The Hudson River has a powerful story to tell, as a place where people rose up to heal it from industrial degradation. It is the birthplace of the Riverkeeper organization, and inspired similar organizations to form around waterways across the globe. That story is very much in motion, and we’re grateful that swimmer Lewis Pugh, the UN Environment Programme’s Patron of the Oceans, entered the scene this summer to help bring the river’s current progress and ongoing challenges into view for a worldwide audience.
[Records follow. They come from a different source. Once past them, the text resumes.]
(* Let $p\geq 1$, $\vec n=(n_1,\dots,n_p)\in\mathbb N_0^p$, $N\in\mathbb N_0$ with $|\vec n|\le N$, and let $\alpha_1,\dots,\alpha_p,\beta,x\in\mathbb R$ be such that all Pochhammer symbols appearing in denominators below are nonzero. Then $$\sum_{l_1=0}^{n_1}\cdots\sum_{l_p=0}^{n_p}\frac{(-N)_{l_1+\cdots+l_p}\,(x)_{l_1+\cdots+l_p}}{(x+\beta+1)_{l_1+\cdots+l_p}}\,C^{l_1,\dots,l_p}_{\vec n}=\frac{(\beta+1)_{|\vec n|}(-N)_{|\vec n|}}{(x+\beta+1)_{|\vec n|}}\prod_{q=1}^p\frac{(\alpha_q-x+1)_{n_q}}{(\alpha_q+\beta+|\vec n|+1)_{n_q}}.$$
   Context: $(a)_m=a(a+1)\cdots(a+m-1)$, $(a)_0=1$; $|\vec n|=n_1+\cdots+n_p$. The coefficients (those of the multiple Hahn type II polynomials) are $$C^{l_1,\dots,l_p}_{\vec n}=\frac{(-N)_{|\vec n|}}{(-N)_{l_1+\cdots+l_p}}\prod_{i=1}^p\frac{(\alpha_i+1)_{n_i}}{(\alpha_i+\beta+|\vec n|+1)_{n_i}}\frac{(-n_i)_{l_i}}{l_i!}\frac{(\alpha_i+\beta+\sum_{k=1}^i n_k+1)_{\sum_{j=i}^p l_j}}{(\alpha_i+1)_{\sum_{j=i}^p l_j}}\prod_{i=1}^{p-1}\frac{(\alpha_i+n_i+1)_{\sum_{j=i+1}^p l_j}}{(\alpha_i+\beta+\sum_{k=1}^i n_k+1)_{\sum_{j=i+1}^p l_j}}.$$ *)

theory Defs
  imports Complex_Main "HOL-Library.FuncSet"
begin

text \<open>Multi-indices are functions nat => nat used on the index set {1..p}.
  (a)_m is pochhammer a m; (-N)_m is pochhammer (- real N) m.\<close>

definition hahnC :: "nat \<Rightarrow> nat \<Rightarrow> (nat \<Rightarrow> real) \<Rightarrow> real \<Rightarrow> (nat \<Rightarrow> nat) \<Rightarrow> (nat \<Rightarrow> nat) \<Rightarrow> real" where
  "hahnC p N \<alpha> \<beta> n l =
     pochhammer (- real N) (\<Sum>k=1..p. n k) / pochhammer (- real N) (\<Sum>k=1..p. l k)
     * (\<Prod>i=1..p.
          pochhammer (\<alpha> i + 1) (n i) / pochhammer (\<alpha> i + \<beta> + real (\<Sum>k=1..p. n k) + 1) (n i)
          * (pochhammer (- real (n i)) (l i) / fact (l i))
          * (pochhammer (\<alpha> i + \<beta> + real (\<Sum>k=1..i. n k) + 1) (\<Sum>j=i..p. l j)
             / pochhammer (\<alpha> i + 1) (\<Sum>j=i..p. l j)))
     * (\<Prod>i=1..p-1.
          pochhammer (\<alpha> i + real (n i) + 1) (\<Sum>j=i+1..p. l j)
          / pochhammer (\<alpha> i + \<beta> + real (\<Sum>k=1..i. n k) + 1) (\<Sum>j=i+1..p. l j))"

end

theory Submission
  imports Defs
begin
Videos, photos, and media narratives brought people to the river to learn how fighting industrial pollution is a decades-long endurance test; how toxic PCBs, invasive species, a warming climate, and sewage pollution are among the persistent threats; and how Riverkeeper works diligently alongside a community of advocates to fight for the river’s well-being.
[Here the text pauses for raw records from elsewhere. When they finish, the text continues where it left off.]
lemma set_action: "perm_action (set_act act) (Pow U)"
proof
  show "set_act act \<pi> Z \<in> Pow U" if "fsperm \<pi>" "Z \<in> Pow U" for \<pi> Z
    using closed that unfolding set_act_def by blast
  show "set_act act id Z = Z" if "Z \<in> Pow U" for Z
    using act_id that unfolding set_act_def by force
  show "set_act act (\<pi> \<circ> \<sigma>) Z = set_act act \<pi> (set_act act \<sigma> Z)"
    if "fsperm \<pi>" "fsperm \<sigma>" "Z \<in> Pow U" for \<pi> \<sigma> Z
  proof -
    have "act (\<pi> \<circ> \<sigma>) ` Z = (\<lambda>x. act \<pi> (act \<sigma> x)) ` Z"
      using act_comp[OF that(1,2)] that(3) by (intro image_cong) auto
    then show ?thesis unfolding set_act_def by (simp add: image_image)
  qed
qed

text \<open>Conjugating a permutation that fixes \<open>\<pi> ` S\<close> by \<open>\<pi>\<close> gives one that fixes \<open>S\<close>.\<close>
lemma supports_act:
  assumes x: "x \<in> U" and S: "supports act S x" and \<pi>: "fsperm \<pi>"
  shows "supports act (\<pi> ` S) (act \<pi> x)"
  unfolding supports_def
proof
  fix \<sigma> assume \<sigma>: "\<sigma> \<in> Fix (\<pi> ` S)"
  have "bij \<pi>" using \<pi> by (rule fsperm_bij)
  define \<tau> where "\<tau> = inv \<pi> \<circ> \<sigma> \<circ> \<pi>"
  have "fsperm \<tau>"
    unfolding \<tau>_def by (rule fsperm_comp[OF fsperm_comp[OF fsperm_inv[OF \<pi>] Fix_fsperm[OF \<sigma>]] \<pi>])
  moreover have "\<forall>a\<in>S. \<tau> a = a"
  proof
    fix a assume "a \<in> S"
    then have "\<sigma> (\<pi> a) = \<pi> a" using \<sigma> unfolding Fix_def by blast
    then show "\<tau> a = a" unfolding \<tau>_def using \<open>bij \<pi>\<close> by (simp add: bij_is_inj)
  qed
  ultimately have "\<tau> \<in> Fix S" unfolding Fix_def by blast
  have "\<pi> \<circ> \<tau> = \<sigma> \<circ> \<pi>"
    unfolding \<tau>_def fun_eq_iff comp_def using surj_f_inv_f[OF bij_is_surj[OF \<open>bij \<pi>\<close>]] by simp
  then have "act \<sigma> (act \<pi> x) = act \<pi> (act \<tau> x)"
    using act_comp[OF \<pi> \<open>fsperm \<tau>\<close> x] act_comp[OF Fix_fsperm[OF \<sigma>] \<pi> x] by simp
  also have "act \<tau> x = x" using S \<open>\<tau> \<in> Fix S\<close> unfolding supports_def by blast
  finally show "act \<sigma> (act \<pi> x) = act \<pi> x" .
qed

lemma fin_supp_act:
  assumes "x \<in> U" "fin_supp act x" "fsperm \<pi>"
  shows "fin_supp act (act \<pi> x)"
proof -
  obtain S where "finite S" "supports act S x" using assms(2) unfolding fin_supp_def by blast
  then show ?thesis
    using supports_imp_fin_supp[OF supports_act[OF assms(1) _ assms(3)]] by simp
qed

lemma supports_set_actI:
  assumes "Z \<subseteq> U" and sub: "\<And>\<pi>. \<pi> \<in> Fix S \<Longrightarrow> act \<pi> ` Z \<subseteq> Z"
  shows "supports (set_act act) S Z"
  unfolding supports_set_act_iff
proof (intro ballI equalityI)
  fix \<pi> assume \<pi>: "\<pi> \<in> Fix S"
  show "act \<pi> ` Z \<subseteq> Z" using sub[OF \<pi>] .
  show "Z \<subseteq> act \<pi> ` Z"
  proof
    fix z assume "z \<in> Z"
    then have "act (inv \<pi>) z \<in> Z" using sub[OF Fix_inv[OF \<pi>]] by blast
    moreover have "act \<pi> (act (inv \<pi>) z) = z"
      using act_cancel(2)[OF Fix_fsperm[OF \<pi>]] \<open>z \<in> Z\<close> assms(1) by blast
    ultimately show "z \<in> act \<pi> ` Z" by (metis imageI)
  qed
qed

lemma supports_set_act_Int:
  "A \<subseteq> U \<Longrightarrow> B \<subseteq> U \<Longrightarrow> supports (set_act act) S A \<Longrightarrow> supports (set_act act) S B
    \<Longrightarrow> supports (set_act act) S (A \<inter> B)"
  unfolding supports_set_act_iff using inj_on_image_Int[OF inj_on_act[OF Fix_fsperm]] by simp

lemma supports_set_act_Diff:
  "A \<subseteq> U \<Longrightarrow> B \<subseteq> U \<Longrightarrow> supports (set_act act) S A \<Longrightarrow> supports (set_act act) S B
    \<Longrightarrow> supports (set_act act) S (A - B)"
  unfolding supports_set_act_iff using inj_on_image_set_diff[OF inj_on_act[OF Fix_fsperm]]
  by (simp add: Diff_subset_conv le_supI2)

lemma supports_set_act_INT:
  fixes E :: "nat \<Rightarrow> 'u set"
  assumes "\<And>n. E n \<subseteq> U" "\<And>n. supports (set_act act) S (E n)"
  shows "supports (set_act act) S (\<Inter>n. E n)"
  unfolding supports_set_act_iff
proof
  fix \<pi> assume "\<pi> \<in> Fix S"
  then have "act \<pi> ` (\<Inter>n. E n) = (\<Inter>n. act \<pi> ` E n)"
    using image_INT[OF inj_on_act[OF Fix_fsperm[OF \<open>\<pi> \<in> Fix S\<close>]], of UNIV E 0] assms(1) by simp
  also have "\<dots> = (\<Inter>n. E n)"
    using assms(2) \<open>\<pi> \<in> Fix S\<close> unfolding supports_set_act_iff by simp
  finally show "act \<pi> ` (\<Inter>n. E n) = (\<Inter>n. E n)" .
qed

lemma supports_fs_pow:
  assumes "X \<subseteq> U" "supports (set_act act) S X"
  shows "supports (set_act (set_act act)) S (fs_pow act X)"
proof (rule perm_action.supports_set_actI[OF set_action])
  show "fs_pow act X \<subseteq> Pow U" using assms(1) unfolding fs_pow_def by blast
  fix \<pi> assume \<pi>: "\<pi> \<in> Fix S"
  show "set_act act \<pi> ` fs_pow act X \<subseteq> fs_pow act X"
  proof (rule image_subsetI)
    fix Z assume "Z \<in> fs_pow act X"
    then have "Z \<subseteq> X" "fin_supp (set_act act) Z" unfolding fs_pow_def by auto
    then have "fin_supp (set_act act) (set_act act \<pi> Z)"
      using perm_action.fin_supp_act[OF set_action] Fix_fsperm[OF \<pi>] assms(1) by blast
    moreover have "set_act act \<pi> Z \<subseteq> X"
      using \<open>Z \<subseteq> X\<close> assms(2) \<pi> unfolding supports_set_act_iff set_act_def by blast
    ultimately show "set_act act \<pi> Z \<in> fs_pow act X" unfolding fs_pow_def by blast
  qed
qed
(* Fix an integer $q\ge 2$. There is a constant $C>0$ depending only on $q$ such that for every $\varepsilon\in(0,1/C)$ there exists $n_0$ with the following property. Let $n\ge n_0$, let $t$ be a positive integer with $t\le 10\sqrt{n}$, and let $S\subseteq[q]^n$ satisfy $\Delta(G[S])\le n^5$. Let \[ S_1 = \left\{ v\in S : \deg_k(v) \le \varepsilon n^{\lceil k/2\rceil/2} \text{ for each }k=1,\dots,20\right\}. \] Then $|S_1|\le (1 + C\varepsilon)H_q(n,t)$.
   Context: $d$ is the Hamming distance on $[q]^n$. $V_q(n,r) = \sum_{i=0}^{r}\binom{n}{i}(q-1)^i$ and $H_q(n,t) = q^n / V_q(n,t)$. $G = G_{q,n,t}$ is the graph with vertex set $[q]^n$ in which two distinct vertices are adjacent iff their Hamming distance is at most $2t$; $G[S]$ is its induced subgraph on $S$ and $\Delta(\cdot)$ is the maximum degree. For $v\in S$ and $k\ge1$, $\deg_k(v)=|\{u\in S : d(u,v)=k\}|$. *)

theory Defs
  imports "HOL-Analysis.Analysis"
begin

definition words :: "nat \<Rightarrow> nat \<Rightarrow> nat list set" where
  "words q n = {v. length v = n \<and> (\<forall>i<n. v ! i < q)}"

definition hamming :: "nat list \<Rightarrow> nat list \<Rightarrow> nat" where
  "hamming u v = card {i. i < length u \<and> u ! i \<noteq> v ! i}"

definition Vq :: "nat \<Rightarrow> nat \<Rightarrow> nat \<Rightarrow> nat" where
  "Vq q n r = (\<Sum>i=0..r. (n choose i) * (q - 1) ^ i)"

definition Hq :: "nat \<Rightarrow> nat \<Rightarrow> nat \<Rightarrow> real" where
  "Hq q n t = real (q ^ n) / real (Vq q n t)"

text \<open>Degree of v in G_{q,n,t}[S]: distinct vertices adjacent iff Hamming distance \<le> 2t.\<close>
definition Gdeg :: "nat \<Rightarrow> nat list set \<Rightarrow> nat list \<Rightarrow> nat" where
  "Gdeg t S v = card {u \<in> S. u \<noteq> v \<and> hamming u v \<le> 2 * t}"

definition maxdeg :: "nat \<Rightarrow> nat list set \<Rightarrow> nat" where
  "maxdeg t S = (if S = {} then 0 else Max (Gdeg t S ` S))"

definition degk :: "nat list set \<Rightarrow> nat \<Rightarrow> nat list \<Rightarrow> nat" where
  "degk S k v = card {u \<in> S. hamming u v = k}"

end

(*
  Cover S1 by the Hamming balls of radius t around its points. A second-moment count gives
  |S1| V_q(n,t) <= q^n + sum over ordered pairs v ~= u in S1 of |B(v,t) \<inter> B(u,t)|.
  Two balls whose centres are at distance d <= 2t share at most q^d V_q(n, t - ceil(d/2))
  <= q^d (2t/n)^ceil(d/2) V_q(n,t) points, and (2t/n) sqrt n <= 20 since t <= 10 sqrt n.
  For v in S1 the degree condition makes the centres at distance d <= 20 contribute O(eps) V_q,
  while the at most n^5 centres at distance 20 < d <= 2t contribute O(n^5 n^(-11/2)) V_q.
  So the overlap sum is O(eps) |S1| V_q, and rearranging gives |S1| <= (1 + C eps) H_q(n,t).
*)

theory Submission
  imports Defs "HOL-Library.FuncSet"
begin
Riverkeeper was delighted to collaborate and share with Pugh’s team our deep knowledge of the Hudson; our data that helps users decide where and when it’s clean enough to swim; and our network of partners, advocates and volunteers who power this local movement with us.
When the New York Times announced Pugh’s intention to swim the entire Hudson – the latest in his series of feats raising awareness about the plight of waterways worldwide – Riverkeeper’s insights on the health of the river helped set the stage.
Throughout the swim, Pugh held the Hudson up as a positive example. “I hope that this swim is a swim which gives hope to people around the world, that this river which was so badly polluted was turned around,” Pugh said, “and I hope that they can look at their river, wherever they are in the world, and say to themselves, ‘Well if they can clean up the Hudson, why can't we clean up our river?’”
Pugh’s descent down the Hudson from the Adirondacks showcased the river’s beauty, along with some of the hidden threats to its health.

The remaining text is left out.